Your church has three digital doors. Each one serves a different person at a different stage, and most churches treat them all the same. That is why nothing works as well as it should.

The Front Door: Your Website

When someone visits your website, they are walking through the front door. You greet them every single time. You make sure they feel welcome. You introduce yourself and ask what they need. Even if they have been a member for ten years, if they come through the website, that is the experience they get.

The website is not for your congregation. It is for your congregation to share. When your childhood friend moves back to town and you say "I go to this great church, check out our website," that website better be so good at telling a person they belong here that 75% of them make a decision from the homepage alone. Because that is what the data shows. 75% of people leave your website after only seeing the homepage. So the homepage must say who you are, who you are for, and what they should do next.

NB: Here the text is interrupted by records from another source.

(* $Q^*(\mathcal{G})=\mathrm{Free}(N)$, where $N$ is the set of the following eleven graphs: $\overline{C_3}$, $\overline{C_5}$, $\overline{C_7}$, and $G_1,\dots,G_8$ defined as follows. $G_1$: the join of a path $P_4$ and an edge $K_2$ (every vertex of the $P_4$ adjacent to both vertices of the $K_2$). $G_2$: the join of a cycle $C_4$ and an edge $K_2$. $G_3$: the join of $2K_2$ and an edge $K_2$. $G_4$: a clique on vertices $a,b,c,d$ together with two non-adjacent vertices $e,f$, where $e$ is adjacent exactly to $b,c$ and $f$ is adjacent exactly to $a,d$. $G_{5+k}$ for $k\in\{0,1,2,3\}$: vertices $x,p_1,p_2,p_3,y,q_1,q_2,q_3$, where $\{x,p_1,p_2,p_3\}$ and $\{y,q_1,q_2,q_3\}$ are cliques, $x$ is adjacent to $q_1,q_2,q_3$, $y$ is adjacent to $p_1,p_2,p_3$, $x$ is not adjacent to $y$, and among pairs $p_iq_j$ exactly the pairs $p_iq_i$ with $i\le k$ are edges.
   Context: All graphs are finite, simple and undirected; $\mathcal{G}$ denotes the class of all such graphs. $\overline{H}$ is the complement of $H$, $C_n$ the chordless cycle and $P_n$ the chordless path on $n$ vertices, $2K_2$ the disjoint union of two edges. For a set of graphs $M$, $\mathrm{Free}(M)$ is the class of graphs containing no induced subgraph isomorphic to a member of $M$. For a graph $G=(V,E)$, $Q(G)$ is the graph with vertex set $V\cup E$ in which $V$ is a clique, $E$ is a clique, and $v\in V$ is adjacent to $e\in E$ iff $v$ is an endpoint of $e$ in $G$; $Q^*(\mathcal{G})$ is the class of all graphs isomorphic to induced subgraphs of graphs $Q(G)$, $G\in\mathcal{G}$. *)

theory Defs
  imports Main
begin

type_synonym 'a graph = "'a set \<times> ('a \<Rightarrow> 'a \<Rightarrow> bool)"

definition verts :: "'a graph \<Rightarrow> 'a set" where "verts G = fst G"
definition adj :: "'a graph \<Rightarrow> 'a \<Rightarrow> 'a \<Rightarrow> bool" where "adj G = snd G"

definition simple_graph :: "'a graph \<Rightarrow> bool" where
  "simple_graph G \<longleftrightarrow> finite (verts G)
     \<and> (\<forall>x y. adj G x y \<longrightarrow> x \<in> verts G \<and> y \<in> verts G)
     \<and> (\<forall>x y. adj G x y \<longrightarrow> adj G y x)
     \<and> (\<forall>x. \<not> adj G x x)"

definition induced_embeds :: "'b graph \<Rightarrow> 'a graph \<Rightarrow> bool" where
  "induced_embeds H G \<longleftrightarrow> (\<exists>f. inj_on f (verts H) \<and> f ` verts H \<subseteq> verts G
     \<and> (\<forall>x\<in>verts H. \<forall>y\<in>verts H. adj G (f x) (f y) \<longleftrightarrow> adj H x y))"

text \<open>Q(G): vertices of G (Inl) and edges of G as 2-sets (Inr); both cliques;
  v adjacent to e iff v is an endpoint of e.\<close>
definition Qedges :: "'a graph \<Rightarrow> 'a set set" where
  "Qedges G = {{u, v} | u v. adj G u v}"

definition Qgraph :: "'a graph \<Rightarrow> ('a + 'a set) graph" where
  "Qgraph G = (Inl ` verts G \<union> Inr ` Qedges G,
     \<lambda>a b. a \<noteq> b \<and> a \<in> Inl ` verts G \<union> Inr ` Qedges G
           \<and> b \<in> Inl ` verts G \<union> Inr ` Qedges G
           \<and> (case (a, b) of
                (Inl _, Inl _) \<Rightarrow> True
              | (Inr _, Inr _) \<Rightarrow> True
              | (Inl v, Inr e) \<Rightarrow> v \<in> e
              | (Inr e, Inl v) \<Rightarrow> v \<in> e))"

text \<open>Membership in Q*(G): isomorphic to an induced subgraph of Q(G) for some finite
  simple graph G (taken w.l.o.g. with vertices in nat).\<close>
definition in_Qstar :: "'a graph \<Rightarrow> bool" where
  "in_Qstar H \<longleftrightarrow> (\<exists>G :: nat graph. simple_graph G \<and> induced_embeds H (Qgraph G))"

definition Free :: "nat graph set \<Rightarrow> 'a graph \<Rightarrow> bool" where
  "Free M H \<longleftrightarrow> (\<forall>F\<in>M. \<not> induced_embeds F H)"

definition mk_graph :: "nat \<Rightarrow> (nat \<Rightarrow> nat \<Rightarrow> bool) \<Rightarrow> nat graph" where
  "mk_graph n P = ({0..<n}, \<lambda>x y. x < n \<and> y < n \<and> x \<noteq> y \<and> (P x y \<or> P y x))"

text \<open>Complement of the chordless cycle C_n (vertices 0..n-1 in cyclic order).\<close>
definition co_cycle :: "nat \<Rightarrow> nat graph" where
  "co_cycle n = mk_graph n (\<lambda>x y. y \<noteq> (x + 1) mod n \<and> x \<noteq> (y + 1) mod n)"

text \<open>Join of a graph on {0..<n} (given by P) with an edge K2 on {n, n+1}.\<close>
definition join_K2 :: "nat \<Rightarrow> (nat \<Rightarrow> nat \<Rightarrow> bool) \<Rightarrow> nat graph" where
  "join_K2 n P = mk_graph (n + 2)
     (\<lambda>x y. (x < n \<and> y < n \<and> P x y) \<or> (x < n \<and> y \<ge> n) \<or> (x = n \<and> y = n + 1))"

definition G1 :: "nat graph" where "G1 = join_K2 4 (\<lambda>x y. y = x + 1)"
definition G2 :: "nat graph" where "G2 = join_K2 4 (\<lambda>x y. y = x + 1 \<or> (x = 0 \<and> y = 3))"
definition G3 :: "nat graph" where "G3 = join_K2 4 (\<lambda>x y. (x = 0 \<and> y = 1) \<or> (x = 2 \<and> y = 3))"

text \<open>a,b,c,d = 0,1,2,3; e = 4; f = 5.\<close>
definition G4 :: "nat graph" where
  "G4 = mk_graph 6 (\<lambda>x y. (x < 4 \<and> y < 4) \<or> (x = 4 \<and> (y = 1 \<or> y = 2))
                         \<or> (x = 5 \<and> (y = 0 \<or> y = 3)))"

text \<open>G_{5+k}: x = 0, p_i = i, y = 4, q_i = i + 4.\<close>
definition G5k :: "nat \<Rightarrow> nat graph" where
  "G5k k = mk_graph 8 (\<lambda>x y. (x < 4 \<and> y < 4) \<or> (x \<ge> 4 \<and> y \<ge> 4)
      \<or> (x = 0 \<and> y \<ge> 5) \<or> (y = 4 \<and> 1 \<le> x \<and> x \<le> 3)
      \<or> (1 \<le> x \<and> x \<le> k \<and> y = x + 4))"

definition N_graphs :: "nat graph set" where
  "N_graphs = {co_cycle 3, co_cycle 5, co_cycle 7, G1, G2, G3, G4,
               G5k 0, G5k 1, G5k 2, G5k 3}"

end

theory Submission
  imports Defs
begin

text \<open>In \<open>Q(G)\<close> the vertices and the edges of \<open>G\<close> form two cliques, and an edge-vertex is
  adjacent to exactly its two endpoints. Hence \<open>H \<in> Q*(\<G>)\<close> iff \<open>H\<close> has a Q-partition: a
  set \<open>A\<close> such that \<open>A\<close> and its complement are cliques, every vertex outside \<open>A\<close> has at most two
  neighbours in \<open>A\<close>, and no two vertices outside \<open>A\<close> have two common neighbours in \<open>A\<close>
  (conversely, read \<open>A\<close> as vertex set and pad the missing endpoints by fresh vertices).
  Q-partitions are inherited by induced subgraphs and none of the eleven graphs of \<open>N\<close> has one.

  For the converse we work in the complement of \<open>H\<close>. A shortest odd cycle of the complement is
  chordless; of length 3, 5 or 7 it yields an induced complement of \<open>C\<^sub>3\<close>, \<open>C\<^sub>5\<close>, \<open>C\<^sub>7\<close>, and
  of length at least 9 an induced \<open>G\<^sub>1\<close>. So the complement is bipartite. If no
  co-component contains two disjoint co-edges, all co-components are stars and their centres form
  a Q-partition. Otherwise \<open>G\<^sub>1\<close>, \<open>G\<^sub>2\<close>, \<open>G\<^sub>3\<close> leave room beside that co-component for at most
  an isolated vertex or a single co-edge, and the excluded configurations \<open>G\<^sub>4\<close>, \<dots>, \<open>G\<^sub>8\<close> show
  that one colour class, adjusted at these few extra vertices, is a Q-partition.\<close>

section \<open>Complement adjacency and induced embeddings\<close>

definition coadj :: "'a graph \<Rightarrow> 'a \<Rightarrow> 'a \<Rightarrow> bool" where
  "coadj H x y \<longleftrightarrow> x \<in> verts H \<and> y \<in> verts H \<and> x \<noteq> y \<and> \<not> adj H x y"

The website is written last, not first. Most churches write the homepage first because that is what they experience first. I write every other page first. By the time I get to the homepage, I have told the church's story so many times I know exactly which words to keep and which to cut.

The Garage Door: Your App

Your best friend's house, you come through the garage. You do not knock. You slide across the kitchen floor in your socks and get yelled at for messing up the wax. You know where everything is.

That is what the app is. When you open your banking app, you skip over the homepage that says "refinance your home" and "get a new credit card." That is all marketing. You click dashboard. You see your balance.

When someone opens your church app, give them their balance. They do not need to know who you are or what you do because they already know. They need to know: when is the live stream, how do I give, what event is this week, what were the study notes from the sermon, what was the devotional. The app bypasses everything else and gets them directly to the form, the registration, the content, without them needing to go search for it.

The Patio Door: Your Weekly Update

Here is a trick question: when does a paper bulletin go out of date? The answer is when you hit print. When does an email go out of date? When you hit send.

A digital bulletin, what I call the Weekly Update or Connection Point, is always up to date as long as you update it. This is the patio door. People come in and out of the house through it. It is not getting into everything in the house, but it is a continuously updated connection point for your people.

One QR code. Displayed in the lobby, printed in the bulletin, shown on the screen during announcements. That single QR code takes people to the Weekly Update where the number one priority event is featured at the top, followed by upcoming events, announcements, and next steps. It is the only page on your entire website you update each week, because every other page updates itself through Subsplash event tags and embeds.

One House, Three Doors

You can get to anything in the house from any of the three doors. The sermon, the Israel trip signup, the about page, giving, the small group chat. But the experience changes depending on which door you use.

Through the front door (website), it is a welcoming, curated path designed to make a new person say "this is for me." Through the garage door (app), it is one tap to the thing you already know you want. Through the patio door (weekly update), it is "here is what is happening this week, here is what you should know, here is your next step."

The design principle behind all three doors is the same: increase desire, decrease labor, decrease confusion. Make them want it. Confirm the details. Tell them how to get it. One action.

Why This Matters for Your Custom Subsplash Setup

Subsplash gives you all three doors. The website (SnapPages), the app, and the tools to build a Weekly Update. But most churches build all three the same way, dumping the same information in all three places with no thought to who is walking through which door.

When you organize by door, your website stops being a bulletin board and starts being a welcome mat. Your app stops being a second website and starts being a utility. Your weekly update stops being an afterthought and starts being the single most important page in your entire digital ecosystem.

If your custom Subsplash setup feels disorganized, start here. Figure out which door each piece of content belongs at, and stop putting everything at every entrance.